Re: mashing two arrays
by marcpestana (Initiate) on Jan 19, 2007 at 18:10 UTC
    Hello, How about...
    # declare anonymous hash my $hash = {}; map { $hash->{$_->[0]} = ['',$_->[1]] } @foo; for my $key (@bar) { $hash->{$key->[0]} ? $hash->{$key->[0]}[0] = $key->[1] : $hash->{$key->[0]} = [$key->[1],'']; }
Re: mashing two arrays
by thospel (Hermit) on Jan 20, 2007 at 22:17 UTC
    If the arrays are already sorted, it might be a pity to lose that information and have to re-sort at the end though. You might consider doing a standard merge instead:
    my @baz; my $f = $b = 0; while ($f < @foo && $b < @bar) { my $cmp = $foo[$f][0] cmp $bar[$b][0]; push @baz, [$cmp <= 0 ? @{$foo[$f++]} : (@{$bar[$b]}[0, 1], undef), $cmp >= 0 ? $bar[$b++][-1] : undef]; } push @baz, [@{$foo[$_]}, undef] for $f..$#foo; push @baz, [@{$bar[$_]}[0, 1], undef, $bar[$_][-1]] for $b..$#bar;
    You can do some time measurements with your real data to see if this gains you anything or not.
Re: mashing two arrays
by Anonymous Monk on Jan 24, 2007 at 15:17 UTC
    Assumed that both arrays are sorted.

    Make an iterator that gets initialized with both arrays and keeps an index for each of them.

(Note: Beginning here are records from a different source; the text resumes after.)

lemma tendsto_infsum_dominated:
  fixes f :: "nat \<Rightarrow> 'a \<Rightarrow> real"
  assumes "g summable_on A"
    and "\<And>m x. x \<in> A \<Longrightarrow> \<bar>f m x\<bar> \<le> g x"
    and "\<And>x. x \<in> A \<Longrightarrow> (\<lambda>m. f m x) \<longlonglongrightarrow> h x"
  shows "(\<lambda>m. infsum (f m) A) \<longlonglongrightarrow> infsum h A"
proof -
  have g_nonneg: "x \<in> A \<Longrightarrow> 0 \<le> g x" for x
    using assms(2)[of x 0] by linarith
  have h_le: "\<bar>h x\<bar> \<le> g x" if "x \<in> A" for x
    using tendsto_rabs[OF assms(3)[OF that]] assms(2)[OF that] by (intro LIMSEQ_le_const2) auto
  have "(\<lambda>x. norm (g x)) summable_on A"
    using assms(1) summable_on_cong[of A "\<lambda>x. norm (g x)" g] g_nonneg by simp
  then have "integrable (count_space A) g"
    using abs_summable_equivalent[of g A] by (simp add: abs_summable_on_def)
  then have "(\<lambda>m. integral\<^sup>L (count_space A) (f m)) \<longlonglongrightarrow> integral\<^sup>L (count_space A) h"
    by (intro integral_dominated_convergence[where w = g] AE_I2) (auto simp: assms(2,3))
  moreover have "infsum u A = integral\<^sup>L (count_space A) u" if "\<And>x. x \<in> A \<Longrightarrow> \<bar>u x\<bar> \<le> g x" for u
  proof -
    have "(\<lambda>x. norm (u x)) summable_on A"
      by (rule summable_on_comparison_test[OF assms(1)]) (auto simp: that)
    then show ?thesis
      using abs_summable_equivalent[of u A] infsetsum_infsum[of u A] by (simp add: infsetsum_def)
  qed
  ultimately show ?thesis
    using assms(2) h_le by simp
qed

lemma zeta_term_Nil [simp]: "zeta_term [] ns = 1"
  by (simp add: zeta_term_def)

lemma zeta_term_Cons [simp]: "zeta_term (k # ks) (n # ns) = 1 / real n ^ k * zeta_term ks ns"
  by (simp add: zeta_term_def prod.lessThan_Suc_shift del: prod.lessThan_Suc)

lemma zeta_term_append:
  "length ks = length ns \<Longrightarrow> zeta_term (ks @ ks') (ns @ ns') = zeta_term ks ns * zeta_term ks' ns'"
proof (induction ks arbitrary: ns)
  case (Cons k ks)
  then show ?case by (cases ns) auto
qed simp

lemma zeta_term_nonneg: "0 \<le> zeta_term ks ns"
  by (simp add: zeta_term_def prod_nonneg)

lemma last_dec_tuples_ge: "ns \<in> dec_tuples r b \<Longrightarrow> r \<ge> 1 \<Longrightarrow> last ns \<ge> b"
  by (cases ns) (auto simp: dec_tuples_def)

subsection \<open>Summability of the multiple zeta-star series\<close>

lemma inverse_power_le_powr:
  assumes "1 \<le> n" "n \<le> M" "1 \<le> k" "0 \<le> t"
  shows "1 / real n ^ k \<le> real M powr t * real n powr -(1 + t)"
proof -
  have "1 / real n ^ k \<le> 1 / real n"
    using assms power_increasing[of 1 k "real n"] by (simp add: frac_le)
  also have "\<dots> = real n powr t * real n powr -(1 + t)"
    using assms by (simp add: powr_minus_divide flip: powr_add)
  also have "\<dots> \<le> real M powr t * real n powr -(1 + t)"
    using assms by (intro mult_right_mono powr_mono2) auto
  finally show ?thesis .
qed

lemma zeta_term_le_powr_prod:
  fixes t :: real
  assumes "\<forall>k\<in>set ks. k \<ge> 1" "\<forall>n\<in>set ns. 1 \<le> n \<and> n \<le> M" "length ks = length ns"
    and "1 \<le> M" "0 \<le> t"
  shows "zeta_term ks ns \<le> real M powr (t * length ns) * (\<Prod>n\<leftarrow>ns. real n powr -(1 + t))"
  using assms(1-3)
proof (induction ks arbitrary: ns)
  case (Cons k ks)
  then obtain n ns' where ns: "ns = n # ns'" by (cases ns) auto
  have "zeta_term (k # ks) ns = 1 / real n ^ k * zeta_term ks ns'"
    by (simp add: ns)
  also have "\<dots> \<le> (real M powr t * real n powr -(1 + t))
      * (real M powr (t * length ns') * (\<Prod>n\<leftarrow>ns'. real n powr -(1 + t)))"
    using Cons ns assms(5)
    by (intro mult_mono inverse_power_le_powr) (auto intro: zeta_term_nonneg)
  also have "\<dots> = real M powr (t * length ns) * (\<Prod>n\<leftarrow>ns. real n powr -(1 + t))"
    by (simp add: ns distrib_left powr_add)
  finally show ?case .
qed (use assms(4) in simp)

lemma zeta_term_le_powr_prod_dec_tuples:
  assumes "ks \<noteq> []" "hd ks \<ge> 2" "\<forall>k\<in>set ks. k \<ge> 1" "ns \<in> dec_tuples (length ks) 1"
  shows "zeta_term ks ns \<le> (\<Prod>n\<leftarrow>ns. real n powr -(1 + 1 / length ks))"
proof -
  obtain k ks' where ks: "ks = k # ks'" using assms(1) by (cases ks) auto
  obtain n ns' where ns: "ns = n # ns'" using assms(4) ks by (cases ns) (auto simp: dec_tuples_def)
  define t where "t = 1 / real (length ks)"
  have n: "n \<ge> 1" "\<forall>n'\<in>set ns'. 1 \<le> n' \<and> n' \<le> n" "length ks' = length ns'"
    using assms(4) ks ns by (auto simp: dec_tuples_def)
  have t: "0 \<le> t" "t * length ns' = 1 - t"
    using n(3) by (auto simp: t_def ks field_simps)
  have "1 / real n ^ k \<le> 1 / real n ^ 2"
    using assms(2) ks n power_increasing[of 2 k "real n"] by (simp add: frac_le)
  also have "\<dots> = real n powr -2"
    using n by (simp add: powr_minus powr_realpow divide_inverse)
  finally have head: "1 / real n ^ k \<le> real n powr -2" .
  have tail: "zeta_term ks' ns' \<le> real n powr (1 - t) * (\<Prod>n\<leftarrow>ns'. real n powr -(1 + t))"
    using zeta_term_le_powr_prod[of ks' ns' n t] assms(3) ks n t by simp
  have "zeta_term ks ns = 1 / real n ^ k * zeta_term ks' ns'"
    by (simp add: ks ns)
  also have "\<dots> \<le> real n powr -2 * (real n powr (1 - t) * (\<Prod>n\<leftarrow>ns'. real n powr -(1 + t)))"
    by (intro mult_mono head tail) (auto intro: zeta_term_nonneg)
  also have "\<dots> = (\<Prod>n\<leftarrow>ns. real n powr -(1 + t))"
    using n by (simp add: ns flip: powr_add)
  finally show ?thesis by (simp add: t_def)
qed

lemma summable_on_zeta_term:
  assumes "ks \<noteq> []" "hd ks \<ge> 2" "\<forall>k\<in>set ks. k \<ge> 1"
  shows "zeta_term ks summable_on dec_tuples (length ks) 1"
proof -
  define s where "s = 1 + 1 / real (length ks)"
  have "(\<lambda>n::nat. real n powr -s) summable_on UNIV"
    using assms(1) by (subst summable_on_UNIV_nonneg_real_iff) (auto simp: s_def summable_real_powr_iff)
  then have "(\<lambda>ns. \<Prod>n\<leftarrow>ns. real n powr -s) summable_on {ns. length ns = length ks \<and> set ns \<subseteq> UNIV}"
    by (intro summable_on_prod_list_lists) auto
  then have "(\<lambda>ns. \<Prod>n\<leftarrow>ns. real n powr -s) summable_on dec_tuples (length ks) 1"
    by (rule summable_on_subset) (auto simp: dec_tuples_def)
  then show ?thesis
    by (rule summable_on_comparison_test)
      (use zeta_term_le_powr_prod_dec_tuples[OF assms] in \<open>auto simp: s_def zeta_term_nonneg\<close>)
qed

subsection \<open>Truncated zeta-star values of \<open>{p}\<^sup>m\<close>\<close>

definition bounded_dec_tuples :: "nat \<Rightarrow> nat \<Rightarrow> nat list set" where
  "bounded_dec_tuples m N = {ns \<in> dec_tuples m 1. \<forall>n\<in>set ns. n \<le> N}"

definition trunc_zeta_star :: "nat \<Rightarrow> nat \<Rightarrow> nat \<Rightarrow> real" where
  "trunc_zeta_star p m N = (\<Sum>ns\<in>bounded_dec_tuples m N. zeta_term (replicate m p) ns)"

lemma finite_bounded_dec_tuples: "finite (bounded_dec_tuples m N)"
proof (rule finite_subset)
  show "bounded_dec_tuples m N \<subseteq> {xs. set xs \<subseteq> {0..N} \<and> length xs = m}"
    by (auto simp: bounded_dec_tuples_def dec_tuples_def)
qed (simp add: finite_lists_length_eq)

lemma bounded_dec_tuples_0: "bounded_dec_tuples 0 N = {[]}"
  by (auto simp: bounded_dec_tuples_def dec_tuples_def)

lemma bounded_dec_tuples_Suc:
  "bounded_dec_tuples (Suc m) N = (\<lambda>(n, ns). n # ns) ` (SIGMA n:{1..N}. bounded_dec_tuples m n)"
  by (fastforce simp: bounded_dec_tuples_def dec_tuples_def length_Suc_conv image_iff intro: le_trans)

    This iterator would always return the next date_time and undef or a value from either @foo or @bar. The index into either of the original arrays is only incremented if the value is taken.

    If you really need an array @baz you could fill it with the iterator.

    This solution would work with any number of arrays (but would not make sense with only one).

    You may find details, code snippets, etc. in "Higher Order Perl" reviewed on this site.